Si tratta di una situazione assurda, che necessita di una risposta immediata: il boicottaggio, l'embargo totale a questi Paesi. Cosa che gli Stati Uniti stanno già facendo con la Libia, con l'Iraq e con Cuba, senza grandi risultati a causa delle continue violazioni dell'embargo stesso, da parte di tutti gli altri Paesi che non siano gli Stati Uniti.
Per convincere il proprio ministero degli esteri a intraprendere una politica di embargo totale nei confronti di un regime totalitario, occorre superare tre forti obiezioni mosse a livello di opinione pubblica. La prima consiste nell'opporsi a qualsiasi restrizione del commercio e del diritto di proprietà. Moralmente, la proibizione del commercio con un dittatore totalitario (che alla fine è l'unico beneficiario dello scambio) non viola i diritti di nessuno. Il diritto a possedere o vendere una pistola, per esempio, non implica il diritto a venderla a un serial killer, proprio mentre questo sta compiendo una strage e gli si è inceppata la sua pistola. Così anche il diritto a vendere beni e servizi, non implica il diritto a fornire direttamente appoggio tecnologico e materiale a un dittatore serial killer, potenzialmente pericoloso anche per la vita dello stesso venditore. Questa non si chiamerebbe più vendita, ma complicità in omicidio di massa.

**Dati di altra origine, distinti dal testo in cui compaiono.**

(* Let $N$ be a prime and let $f$ be a function satisfying the standing assumptions in the context. Let $X,Y,Z \subseteq \mathbb{Z}/N\mathbb{Z}$ and $0<\delta_1\le\delta_2$ be such that for each $x\in X$ the number of $y\in Y$ with $-x-y\in Z$ lies between $\delta_1 N$ and $\delta_2 N$, and the same holds with the roles of $X$, $Y$, $Z$ permuted (i.e. for each $y \in Y$ the number of $z\in Z$ with $-y-z\in X$ lies between $\delta_1N$ and $\delta_2N$, and similarly for each element of each set, with any ordering of the other two sets). Then $$|X| \le K \frac{\delta_2}{\delta_1} f(\delta_2^{-1}) N$$ for an absolute constant $K$, and the analogous inequalities hold for $|Y|$ and $|Z|$.
   Context: An additive matching in a finite abelian group $G$ is a collection of triples $(x_i,y_i,z_i)$, $i=1,\dots,m$, of elements of $G$ with $x_i + y_j + z_k = 0$ if and only if $i=j=k$; its size is $m$. Standing assumptions: $f$ is a positive function such that for every $M$, every additive matching in $\mathbb{Z}/M\mathbb{Z}$ has size at most $f(M)M$; $f$ is decreasing, while $Af(A)<Bf(B)$ whenever $A<B$. *)

theory Defs
  imports "HOL-Number_Theory.Number_Theory"
begin

definition additive_matching ::
  "nat \<Rightarrow> nat \<Rightarrow> (nat \<Rightarrow> int) \<Rightarrow> (nat \<Rightarrow> int) \<Rightarrow> (nat \<Rightarrow> int) \<Rightarrow> bool" where
  "additive_matching M m x y z \<longleftrightarrow>
     (\<forall>i<m. \<forall>j<m. \<forall>k<m. ([x i + y j + z k = 0] (mod int M) \<longleftrightarrow> (i = j \<and> j = k)))"

definition matching_bound_fun :: "(real \<Rightarrow> real) \<Rightarrow> bool" where
  "matching_bound_fun f \<longleftrightarrow>
     (\<forall>x>0. f x > 0) \<and>
     (\<forall>M m x y z. M \<ge> 1 \<longrightarrow> additive_matching M m x y z \<longrightarrow> real m \<le> f (real M) * real M) \<and>
     (\<forall>a b. 0 < a \<longrightarrow> a \<le> b \<longrightarrow> f b \<le> f a) \<and>
     (\<forall>a b. 0 < a \<longrightarrow> a < b \<longrightarrow> a * f a < b * f b)"

text \<open>Subsets of Z/NZ are represented as sets of integers in {0..<N}.
  For every a in A, the number of b in B with -a-b in C lies in [d1 N, d2 N].\<close>
definition degree_bounds ::
  "nat \<Rightarrow> real \<Rightarrow> real \<Rightarrow> int set \<Rightarrow> int set \<Rightarrow> int set \<Rightarrow> bool" where
  "degree_bounds N d1 d2 A B C \<longleftrightarrow>
     (\<forall>a\<in>A. d1 * real N \<le> real (card {b\<in>B. (- a - b) mod int N \<in> C}) \<and>
             real (card {b\<in>B. (- a - b) mod int N \<in> C}) \<le> d2 * real N)"

end

theory Submission
  imports Defs
begin

text \<open>
  For a step l \<noteq> 0 and shifts s, t, look at the L \<times> L grid of pairs (i, j) such that
  s + l i \<in> X, t + l j \<in> Y and -(s + t) - l (i + j) \<in> Z (mod N). If such a pair has no
  other grid point in its row, its column or its antidiagonal, the triples (i, j, -(i + j))
  over these isolated pairs form an additive matching in Z/2LZ. Averaging over all
  (N - 1) N^2 parameters, every solution of x + y + z = 0 in X \<times> Y \<times> Z lies on (N - 1) L^2
  grids, while two solutions sharing a line of the grid are rare because all degrees are at
  most \<delta>2 N and two terms of a progression modulo a prime determine it. For L about 1 / (7 \<delta>2)
  at least half of the grid points are isolated on average, so some grid carries a matching of
  size at least L^2 |X| \<delta>1 N / (2 N^2); comparing with the bound 2L f(2L) < f(1/\<delta>2) / \<delta>2
  gives the claim.
\<close>

lemma eq_if_dvd_diff_int:
  fixes u v n :: int
  assumes "0 \<le> u" "u < n" "0 \<le> v" "v < n" "n dvd u - v"
  shows "u = v"
  using assms by (metis mod_eq_dvd_iff mod_pos_pos_trivial)

definition near :: "int \<times> int \<Rightarrow> int \<times> int \<Rightarrow> bool" where
  "near g g' \<longleftrightarrow> fst g = fst g' \<or> snd g = snd g' \<or> fst g + snd g = fst g' + snd g'"

definition isolated_points :: "(int \<times> int) set \<Rightarrow> (int \<times> int) set" where
  "isolated_points S = {g \<in> S. \<forall>g'\<in>S. near g g' \<longrightarrow> g' = g}"

definition row_collisions :: "(int \<times> int) set \<Rightarrow> ((int \<times> int) \<times> (int \<times> int)) set" where
  "row_collisions S = {(g, g'). g \<in> S \<and> g' \<in> S \<and> fst g = fst g' \<and> snd g \<noteq> snd g'}"

definition column_collisions :: "(int \<times> int) set \<Rightarrow> ((int \<times> int) \<times> (int \<times> int)) set" where
  "column_collisions S = {(g, g'). g \<in> S \<and> g' \<in> S \<and> snd g = snd g' \<and> fst g \<noteq> fst g'}"

definition antidiagonal_collisions :: "(int \<times> int) set \<Rightarrow> ((int \<times> int) \<times> (int \<times> int)) set" where
  "antidiagonal_collisions S =
     {(g, g'). g \<in> S \<and> g' \<in> S \<and> fst g + snd g = fst g' + snd g' \<and> fst g \<noteq> fst g'}"

lemma collisions_subset:
  "row_collisions S \<subseteq> S \<times> S" "column_collisions S \<subseteq> S \<times> S" "antidiagonal_collisions S \<subseteq> S \<times> S"
  by (auto simp: row_collisions_def column_collisions_def antidiagonal_collisions_def)

lemma finite_collisions:
  assumes "finite S"
  shows "finite (row_collisions S)" "finite (column_collisions S)" "finite (antidiagonal_collisions S)"
  using collisions_subset[of S] assms by (meson finite_SigmaI finite_subset)+

lemma card_le_isolated_points_plus_collisions:
  assumes "finite S"
  shows "card S \<le> card (isolated_points S) + card (row_collisions S) + card (column_collisions S)
                   + card (antidiagonal_collisions S)"
proof -
  let ?coll = "row_collisions S \<union> column_collisions S \<union> antidiagonal_collisions S"
  have fin_coll: "finite ?coll"
    using finite_collisions[OF assms] by blast
  have "S \<subseteq> isolated_points S \<union> fst ` ?coll"
  proof
    fix g assume g: "g \<in> S"
    show "g \<in> isolated_points S \<union> fst ` ?coll"
    proof (cases "g \<in> isolated_points S")
      case False
      then obtain g' where "g' \<in> S" "near g g'" "g' \<noteq> g"
        using g unfolding isolated_points_def by auto
      then have "(g, g') \<in> ?coll"
        using g unfolding row_collisions_def column_collisions_def antidiagonal_collisions_def
          near_def by (auto simp: prod_eq_iff)
      then show ?thesis by force
    qed simp
  qed
  then have "card S \<le> card (isolated_points S \<union> fst ` ?coll)"
    using assms fin_coll by (intro card_mono) (auto simp: isolated_points_def)
  also have "\<dots> \<le> card (isolated_points S) + card ?coll"
    using card_Un_le card_image_le[OF fin_coll, of fst] by (meson add_left_mono order_trans)
  also have "card ?coll \<le> card (row_collisions S) + card (column_collisions S)
                          + card (antidiagonal_collisions S)"
    by (meson add_right_mono card_Un_le order_trans)
  finally show ?thesis by linarith
qed

text \<open>
  The closure hypothesis is what turns isolation into the matching property: if
  x a + y b + z c = 0, then (i a, j b) lies in S and shares a row with point a, a column with
  point b and an antidiagonal with point c.
\<close>
lemma additive_matching_isolated_points:
  assumes S_sub: "S \<subseteq> {0..<int L} \<times> {0..<int L}"
    and S_closed: "\<And>i j i' j' i'' j''. (i, j) \<in> S \<Longrightarrow> (i', j') \<in> S \<Longrightarrow> (i'', j'') \<in> S \<Longrightarrow>
                     i + j' = i'' + j'' \<Longrightarrow> (i, j') \<in> S"
  shows "\<exists>x y z. additive_matching (2 * L) (card (isolated_points S)) x y z"
proof -
  let ?I = "isolated_points S"
  have "?I \<subseteq> {0..<int L} \<times> {0..<int L}"
    using S_sub by (auto simp: isolated_points_def)
  then have "finite ?I" by (rule finite_subset) simp
  then obtain e where e: "bij_betw e {0..<card ?I} ?I"
    using ex_bij_betw_nat_finite by blast
  define x where "x a = fst (e a)" for a
  define y where "y a = snd (e a)" for a
  define z where "z a = - (fst (e a) + snd (e a))" for a
  have "additive_matching (2 * L) (card ?I) x y z"
    unfolding additive_matching_def
  proof (intro allI impI)
    fix a b c assume abc: "a < card ?I" "b < card ?I" "c < card ?I"
    obtain i1 j1 where a1: "e a = (i1, j1)" by fastforce
    obtain i2 j2 where b2: "e b = (i2, j2)" by fastforce
    obtain i3 j3 where c3: "e c = (i3, j3)" by fastforce
    have iso: "(i1, j1) \<in> ?I" "(i2, j2) \<in> ?I" "(i3, j3) \<in> ?I"
      using abc e a1 b2 c3 by (metis atLeastLessThan_iff bij_betw_apply zero_le)+
    then have in_S: "(i1, j1) \<in> S" "(i2, j2) \<in> S" "(i3, j3) \<in> S"
      by (auto simp: isolated_points_def)
    have e_inj: "e u = e v \<Longrightarrow> u < card ?I \<Longrightarrow> v < card ?I \<Longrightarrow> u = v" for u v
      using bij_betw_imp_inj_on[OF e] by (simp add: inj_on_def)
    show "[x a + y b + z c = 0] (mod int (2 * L)) \<longleftrightarrow> a = b \<and> b = c"
    proof
      assume "[x a + y b + z c = 0] (mod int (2 * L))"
      moreover have "x a + y b + z c = (i1 + j2) - (i3 + j3)"
        by (simp add: x_def y_def z_def a1 b2 c3)
      ultimately have "int (2 * L) dvd (i1 + j2) - (i3 + j3)"
        by (simp add: cong_0_iff)
      moreover have "i1 \<in> {0..<int L}" "j2 \<in> {0..<int L}" "i3 \<in> {0..<int L}" "j3 \<in> {0..<int L}"
        using in_S S_sub by blast+
      ultimately have sum_eq: "i1 + j2 = i3 + j3"
        by (intro eq_if_dvd_diff_int[of _ "int (2 * L)"]) auto
      have in_S': "(i1, j2) \<in> S" using S_closed[OF in_S sum_eq] .
      have "(i1, j2) = (i1, j1)"
        using iso(1) in_S' unfolding isolated_points_def near_def by auto
      moreover have "(i1, j2) = (i2, j2)"
        using iso(2) in_S' unfolding isolated_points_def near_def by auto
      moreover have "(i1, j2) = (i3, j3)"
        using iso(3) in_S' sum_eq unfolding isolated_points_def near_def by auto
      ultimately have "e a = e b" "e b = e c"
        using a1 b2 c3 by simp_all
      then show "a = b \<and> b = c"
        using e_inj abc by blast
    qed (simp add: x_def y_def z_def)
  qed
  then show ?thesis by blast
qed

definition ap_term :: "int \<Rightarrow> int \<Rightarrow> int \<Rightarrow> int \<Rightarrow> int" where
  "ap_term n l s i = (s + l * i) mod n"

lemma minus_mod_diff_mod: "(- (a mod n) - b mod n) mod n = (- a - b) mod (n :: int)"
proof -
  have "(- (a mod n + b mod n)) mod n = (- (a + b)) mod n"
    by (metis mod_minus_cong mod_add_eq)
  then show ?thesis by simp
qed

lemma ap_term_third_vertex:
  "(- ap_term n l s i - ap_term n l t j) mod n = (- s - t - l * (i + j)) mod n"
  unfolding ap_term_def minus_mod_diff_mod by (simp add: algebra_simps)

lemma ap_term_third_vertex':
  "(- ap_term n l t j - ap_term n l s i) mod n = (- s - t - l * (i + j)) mod n"
  by (metis ap_term_third_vertex minus_diff_commute)

lemma ap_term_from_third_vertex:
  assumes "i + j = i' + j'"
  shows "(- ((- s - t - l * (i + j)) mod n) - ap_term n l s i') mod n = ap_term n l t j'"
proof -
  have "- (- s - t - l * (i + j)) - (s + l * i') = t + l * j'"
    using assms by (simp add: algebra_simps)
  then show ?thesis
    unfolding ap_term_def by (metis minus_mod_diff_mod mod_mod_trivial)
qed

lemma ap_term_through: "ap_term n l ((a - l * i) mod n) i = a mod n"
  unfolding ap_term_def by (simp add: mod_simps)

lemma ap_term_start_inj:
  assumes "0 \<le> s" "s < n" "0 \<le> s'" "s' < n" "ap_term n l s i = ap_term n l s' i"
  shows "s = s'"
proof -
  have "n dvd (s + l * i) - (s' + l * i)"
    using assms(5) unfolding ap_term_def by (simp only: mod_eq_dvd_iff)
  then show ?thesis
    using assms eq_if_dvd_diff_int by simp
qed

lemma ap_term_determined:
  assumes "prime n"
    and "1 \<le> l" "l < n" "1 \<le> l'" "l' < n" "0 \<le> t" "t < n" "0 \<le> t'" "t' < n"
    and "0 \<le> k" "k < n" "0 \<le> k'" "k' < n" "k \<noteq> k'"
    and "ap_term n l t k = ap_term n l' t' k" "ap_term n l t k' = ap_term n l' t' k'"
  shows "l = l' \<and> t = t'"
proof -
  have dvd_k: "n dvd (t + l * k) - (t' + l' * k)" and dvd_k': "n dvd (t + l * k') - (t' + l' * k')"
    using assms(15,16) unfolding ap_term_def by (simp_all only: mod_eq_dvd_iff)
  have "(t + l * k) - (t' + l' * k) - ((t + l * k') - (t' + l' * k')) = (l - l') * (k - k')"
    by (simp add: algebra_simps)
  then have "n dvd (l - l') * (k - k')"
    using dvd_diff[OF dvd_k dvd_k'] by simp
  moreover have "\<not> n dvd k - k'"
    using assms(10-14) eq_if_dvd_diff_int by blast
  ultimately have "n dvd l - l'"
    using assms(1) prime_dvd_mult_iff by blast
  then have l_eq: "l = l'"
    using assms(2-5) eq_if_dvd_diff_int by simp
  then have "n dvd t - t'"
    using dvd_k by (simp add: algebra_simps)
  then show ?thesis
    using l_eq assms(6-9) eq_if_dvd_diff_int by blast
qed

lemma card_Sigma_squares_le:
  fixes d :: real
  assumes "finite X" "\<And>x. x \<in> X \<Longrightarrow> finite (F x)" "\<And>x. x \<in> X \<Longrightarrow> real (card (F x)) \<le> d"
  shows "real (card (SIGMA x:X. F x \<times> F x)) \<le> d * real (card (Sigma X F))"
proof -
  have "real (card (SIGMA x:X. F x \<times> F x)) = (\<Sum>x\<in>X. real (card (F x)) * real (card (F x)))"
    using assms(1,2) by (simp add: card_SigmaI card_cartesian_product)
  also have "\<dots> \<le> (\<Sum>x\<in>X. d * real (card (F x)))"
    using assms(3) by (intro sum_mono mult_right_mono) auto
  also have "\<dots> = d * real (card (Sigma X F))"
    using assms(1,2) by (simp add: card_SigmaI sum_distrib_left)
  finally show ?thesis .
qed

La seconda obiezione consiste nel vedere nel mercato una forma di riformismo del regime dal basso, cosa che prima o poi sarebbe destinata ad erodere il regime stesso. E' questa la politica ufficialmente seguita dagli Stati Uniti per la Cina e dall'Unione Europea per Cuba e per i totalitarismi mediorientali. E' un'idea sbagliata per un semplice motivo: in nessun regime totalitario esiste una qualsiasi forma, anche limitata, di mercato. L'economia di questi Paesi è ancora interamente controllata dal partito-Stato. Semplicemente questi dittatori moderni sono stati abili nell'aprire la loro economia (di partito) al commercio con l'estero, simulando le condizioni di un mercato vero, così come aveva fatto Lenin negli anni '20 con la Nuova Politica Economica. In questo modo i regimi totalitari possono far star meglio le loro popolazioni, apparire più affidabili agli occhi delle cancellerie occidentali, placare gli animi dei loro dissidenti interni e proseguire nella loro opera di repressione all'interno e di espansione all'estero. Gli unici Stati totalitari che attualmente si possono considerare abbastanza innocui, attualmente, sono quelli che subiscono maggiormente gli effetti degli embarghi USA: Cuba, Libia e Iraq. Gli altri, soprattutto la Cina e l'Iran, rimangono pericolosissimi.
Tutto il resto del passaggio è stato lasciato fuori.